Наутро мы просыпаемся от того, что всходит солнце. Жужжат мириады насекомых. Сотни крохотных птичек, синих, желтых, оранжевых, глотают их на лету и стремительно несутся дальше.
Ночь в тропиках под открытым небом могла бы прочистить легкие Пирата, но, судя по всему, она произвела обратный эффект. Пират задыхается, не может продышаться. Встает, но тут же снова ложится.
Боцман говорит, что принесет перекусить, но вообще-то нам не стоит тут зависать, пора перебираться в гавань.
– Давай со мной в дом, парень? Соберем вещи, а поедим уже в дороге.
Я оглядываюсь на Пирата, тот осторожно кивает.
– Мы мигом, – обещаю я.
Боцман словно прощается с хижиной. И с каждой вещью в ней. Со всей своей тринидадской жизнью. Он молча расхаживает взад-вперед вдоль стен, заложив руки за спину. Изредка кивает картинке или снимку. Потом открывает старый фотоальбом и берет оттуда две фотографии.
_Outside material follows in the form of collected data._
lemma run_end_exists:
  assumes "finite S" "x \<in> S"
  obtains b where "x \<le> b" "{x..b} \<subseteq> S" "Suc b \<notin> S"
proof -
  define B where "B = {b. x \<le> b \<and> {x..b} \<subseteq> S}"
  have "B \<subseteq> S" "x \<in> B"
    using assms(2) by (auto simp: B_def)
  then have fin: "finite B"
    using assms(1) finite_subset by blast
  then have "Max B \<in> B"
    using Max_in \<open>x \<in> B\<close> by blast
  show thesis
  proof (rule that)
    show "x \<le> Max B" "{x..Max B} \<subseteq> S"
      using \<open>Max B \<in> B\<close> by (simp_all add: B_def)
    show "Suc (Max B) \<notin> S"
    proof
      assume "Suc (Max B) \<in> S"
      then have "Suc (Max B) \<in> B"
        using \<open>Max B \<in> B\<close> by (simp add: B_def atLeastAtMostSuc_conv)
      then show False
        using Max_ge[OF fin] by fastforce
    qed
  qed
qed

lemma runs_cover:
  assumes "finite S" "x \<in> S"
  obtains R where "R \<in> runs S" "x \<in> R"
proof -
  obtain a where a: "a \<le> x" "{a..x} \<subseteq> S" "\<And>y. Suc y = a \<Longrightarrow> y \<notin> S"
    using run_start_exists[OF assms] by blast
  obtain b where b: "x \<le> b" "{x..b} \<subseteq> S" "Suc b \<notin> S"
    using run_end_exists[OF assms] by blast
  have "{a..b} \<in> runs S"
  proof (rule runsI)
    show "a \<le> b"
      using a(1) b(1) by simp
    have "{a..b} \<subseteq> {a..x} \<union> {x..b}"
      by auto
    then show "{a..b} \<subseteq> S"
      using a(2) b(2) by blast
  qed (use a(3) b(3) in auto)
  moreover have "x \<in> {a..b}"
    using a(1) b(1) by simp
  ultimately show thesis
    by (rule that)
qed
(* Let $(\mathcal{M},\phi,\xi,\eta,g)$ be a Riemannian $\Pi$-manifold of dimension $2n+1$. Then $\mathcal{M}$ belongs to the class $\mathcal{U}_1=\mathcal{F}_1\oplus\mathcal{F}_2\oplus\mathcal{F}_4\oplus\mathcal{F}_5\oplus\mathcal{F}_6\oplus\mathcal{F}_8\oplus\mathcal{F}_9\oplus\mathcal{F}_{10}\oplus\mathcal{F}_{11}$ if and only if $N(\phi x,\phi y)=0$ for all vector fields $x,y$ on $\mathcal{M}$.
   Context: A Riemannian $\Pi$-manifold $(\mathcal{M},\phi,\xi,\eta,g)$ is a $(2n+1)$-dimensional smooth manifold with a $(1,1)$-tensor field $\phi$, a vector field $\xi$, a 1-form $\eta$ and a Riemannian metric $g$ such that $\phi\xi=0$, $\phi^2=I-\eta\otimes\xi$, $\eta\circ\phi=0$, $\eta(\xi)=1$, $\operatorname{tr}\phi=0$, $g(\phi x,\phi y)=g(x,y)-\eta(x)\eta(y)$ (hence $g(\phi x,y)=g(x,\phi y)$, $g(x,\xi)=\eta(x)$). Let $\nabla$ be the Levi-Civita connection of $g$ and $F(x,y,z)=g((\nabla_x\phi)y,z)$. With respect to a basis $\{\xi,e_1,\dots,e_{2n}\}$ of $T_p\mathcal{M}$ and $(g^{ij})$ the inverse matrix of $(g_{ij})$, the Lee forms are $\theta=g^{ij}F(e_i,e_j,\cdot)$, $\theta^*=g^{ij}F(e_i,\phi e_j,\cdot)$, $\omega=F(\xi,\xi,\cdot)$. The basic classes $\mathcal{F}_1,\dots,\mathcal{F}_{11}$ are defined by the following conditions on $F$ (for all $x,y,z$): $\mathcal{F}_1$: $F(x,y,z)=\frac{1}{2n}\{g(\phi x,\phi y)\theta(\phi^2z)+g(\phi x,\phi z)\theta(\phi^2y)-g(x,\phi y)\theta(\phi z)-g(x,\phi z)\theta(\phi y)\}$; $\mathcal{F}_2$: $F(\xi,y,z)=0$, $F(x,\xi,z)=0$, $\theta=0$, $F(x,y,\phi z)+F(y,z,\phi x)+F(z,x,\phi y)=0$; $\mathcal{F}_3$: $F(\xi,y,z)=0$, $F(x,\xi,z)=0$, $F(x,y,z)+F(y,z,x)+F(z,x,y)=0$; $\mathcal{F}_4$: $F(x,y,z)=\frac{\theta(\xi)}{2n}\{g(\phi x,\phi y)\eta(z)+g(\phi x,\phi z)\eta(y)\}$; $\mathcal{F}_5$: $F(x,y,z)=\frac{\theta^*(\xi)}{2n}\{g(x,\phi y)\eta(z)+g(x,\phi z)\eta(y)\}$; $\mathcal{F}_6$: $F(x,y,z)=F(x,y,\xi)\eta(z)+F(x,z,\xi)\eta(y)$, $F(x,y,\xi)=F(y,x,\xi)=F(\phi x,\phi y,\xi)$; $\mathcal{F}_7$: same first condition, $F(x,y,\xi)=-F(y,x,\xi)=F(\phi x,\phi y,\xi)$; $\mathcal{F}_8$: same first condition, $F(x,y,\xi)=F(y,x,\xi)=-F(\phi x,\phi y,\xi)$; $\mathcal{F}_9$: same first condition, $F(x,y,\xi)=-F(y,x,\xi)=-F(\phi x,\phi y,\xi)$; $\mathcal{F}_{10}$: $F(x,y,z)=-\eta(x)F(\xi,\phi y,\phi z)$; $\mathcal{F}_{11}$: $F(x,y,z)=\eta(x)\{\eta(y)\omega(z)+\eta(z)\omega(y)\}$. At each point, the space of $(0,3)$-tensors with the symmetries of $F$ (namely $F(x,y,z)=F(x,z,y)=-F(x,\phi y,\phi z)+\eta(y)F(x,\xi,z)+\eta(z)F(x,y,\xi)$) is the orthogonal direct sum of the eleven subspaces given by these conditions; $\mathcal{M}$ belongs to a direct sum $\mathcal{F}_{i_1}\oplus\cdots\oplus\mathcal{F}_{i_k}$ if at every point $F$ lies in the sum of the corresponding subspaces. The Nijenhuis tensor is $N(x,y)=(\nabla_{\phi x}\phi)y-\phi(\nabla_x\phi)y-(\nabla_x\eta)(y)\xi-(\nabla_{\phi y}\phi)x+\phi(\nabla_y\phi)x+(\nabla_y\eta)(x)\xi$. *)

theory Defs
  imports "HOL-Analysis.Analysis"
begin

section \<open>Local (chart) model of a Riemannian Pi-manifold\<close>

coinductive smooth_on :: "'a::euclidean_space set \<Rightarrow> ('a \<Rightarrow> real) \<Rightarrow> bool" for U where
  "f differentiable_on U \<Longrightarrow> (\<forall>b\<in>Basis. smooth_on U (\<lambda>p. frechet_derivative f (at p) b))
     \<Longrightarrow> smooth_on U f"

definition ginv :: "('a::euclidean_space \<Rightarrow> 'a \<Rightarrow> real) \<Rightarrow> 'a \<Rightarrow> 'a \<Rightarrow> real" where
  "ginv G = (THE h. (\<forall>i j. (i \<notin> Basis \<or> j \<notin> Basis) \<longrightarrow> h i j = 0) \<and>
      (\<forall>i\<in>Basis. \<forall>k\<in>Basis. (\<Sum>j\<in>Basis. G i j * h j k) = (if i = k then 1 else 0)))"

definition lee_theta :: "('a::euclidean_space \<Rightarrow> 'a \<Rightarrow> real) \<Rightarrow> ('a \<Rightarrow> 'a \<Rightarrow> 'a \<Rightarrow> real) \<Rightarrow> 'a \<Rightarrow> real" where
  "lee_theta G T z = (\<Sum>i\<in>Basis. \<Sum>j\<in>Basis. ginv G i j * T i j z)"

definition lee_theta_star :: "('a::euclidean_space \<Rightarrow> 'a) \<Rightarrow> ('a \<Rightarrow> 'a \<Rightarrow> real) \<Rightarrow> ('a \<Rightarrow> 'a \<Rightarrow> 'a \<Rightarrow> real) \<Rightarrow> 'a \<Rightarrow> real" where
  "lee_theta_star f G T z = (\<Sum>i\<in>Basis. \<Sum>j\<in>Basis. ginv G i j * T i (f j) z)"

definition lee_omega :: "'a \<Rightarrow> ('a \<Rightarrow> 'a \<Rightarrow> 'a \<Rightarrow> real) \<Rightarrow> 'a \<Rightarrow> real" where
  "lee_omega e T z = T e e z"

text \<open>The space of (0,3)-tensors (at a point with structure f = phi_p, e = xi_p,
  t = eta_p, G = g_p) having the symmetries of F.\<close>

definition F_space :: "('a::euclidean_space \<Rightarrow> 'a) \<Rightarrow> 'a \<Rightarrow> ('a \<Rightarrow> real) \<Rightarrow> ('a \<Rightarrow> 'a \<Rightarrow> 'a \<Rightarrow> real) \<Rightarrow> bool" where
  "F_space f e t T \<longleftrightarrow>
     (\<forall>y z. linear (\<lambda>x. T x y z)) \<and> (\<forall>x z. linear (\<lambda>y. T x y z)) \<and> (\<forall>x y. linear (\<lambda>z. T x y z)) \<and>
     (\<forall>x y z. T x y z = T x z y) \<and>
     (\<forall>x y z. T x y z = - T x (f y) (f z) + t y * T x e z + t z * T x y e)"

definition F_cond :: "nat \<Rightarrow> nat \<Rightarrow> ('a::euclidean_space \<Rightarrow> 'a) \<Rightarrow> 'a \<Rightarrow> ('a \<Rightarrow> real) \<Rightarrow> ('a \<Rightarrow> 'a \<Rightarrow> real)
    \<Rightarrow> ('a \<Rightarrow> 'a \<Rightarrow> 'a \<Rightarrow> real) \<Rightarrow> bool" where
  "F_cond i n f e t G T =
    (if i = 1 then (\<forall>x y z. T x y z = 1 / (2 * real n) *
        (G (f x) (f y) * lee_theta G T (f (f z)) + G (f x) (f z) * lee_theta G T (f (f y))
         - G x (f y) * lee_theta G T (f z) - G x (f z) * lee_theta G T (f y)))
     else if i = 2 then (\<forall>x y z. T e y z = 0 \<and> T x e z = 0 \<and> lee_theta G T z = 0 \<and>
        T x y (f z) + T y z (f x) + T z x (f y) = 0)
     else if i = 3 then (\<forall>x y z. T e y z = 0 \<and> T x e z = 0 \<and>
        T x y z + T y z x + T z x y = 0)
     else if i = 4 then (\<forall>x y z. T x y z = lee_theta G T e / (2 * real n) *
        (G (f x) (f y) * t z + G (f x) (f z) * t y))
     else if i = 5 then (\<forall>x y z. T x y z = lee_theta_star f G T e / (2 * real n) *
        (G x (f y) * t z + G x (f z) * t y))
     else if i = 6 then (\<forall>x y z. T x y z = T x y e * t z + T x z e * t y \<and>
        T x y e = T y x e \<and> T x y e = T (f x) (f y) e)
     else if i = 7 then (\<forall>x y z. T x y z = T x y e * t z + T x z e * t y \<and>
        T x y e = - T y x e \<and> T x y e = T (f x) (f y) e)
     else if i = 8 then (\<forall>x y z. T x y z = T x y e * t z + T x z e * t y \<and>
        T x y e = T y x e \<and> T x y e = - T (f x) (f y) e)
     else if i = 9 then (\<forall>x y z. T x y z = T x y e * t z + T x z e * t y \<and>
        T x y e = - T y x e \<and> T x y e = - T (f x) (f y) e)
     else if i = 10 then (\<forall>x y z. T x y z = - t x * T e (f y) (f z))
     else if i = 11 then (\<forall>x y z. T x y z = t x * (t y * lee_omega e T z + t z * lee_omega e T y))
     else False)"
– Нам пора, – говорит он, описав полный круг. – Иначе он умрет раньше, чем мы парус поднимем.
Закрыв дверь, Боцман откидывает соломенный коврик на крыльце и кладет под него ключ. Я спрашиваю – зачем, и Боцман говорит, что так он сам себе напоминает: ты должен однажды сюда вернуться.
По дороге в гавань мы только и делаем, что останавливаемся. Так часто, что это не замаскировать никакими уловками Пирата. Хоть он и говорит каждый раз, что хочет рассмотреть очередной цветок или куст, но я понимаю, что дело в другом. Пират еле волочит ноги, измученный болезнью и переполненный карибским ромом.
Последний отрезок пути нас подбрасывает местный рыбак на грузовом трицикле.
– Hospital?[5] – бросает он через плечо, нещадно гудя воскресным неторопливым машинам с требованием пропустить нас.
Между мной и Боцманом неподвижно лежит Пират и ловит воздух открытым ртом.
– No, no! – мотает головой Боцман. – No hospital… port! To the port, quick![6]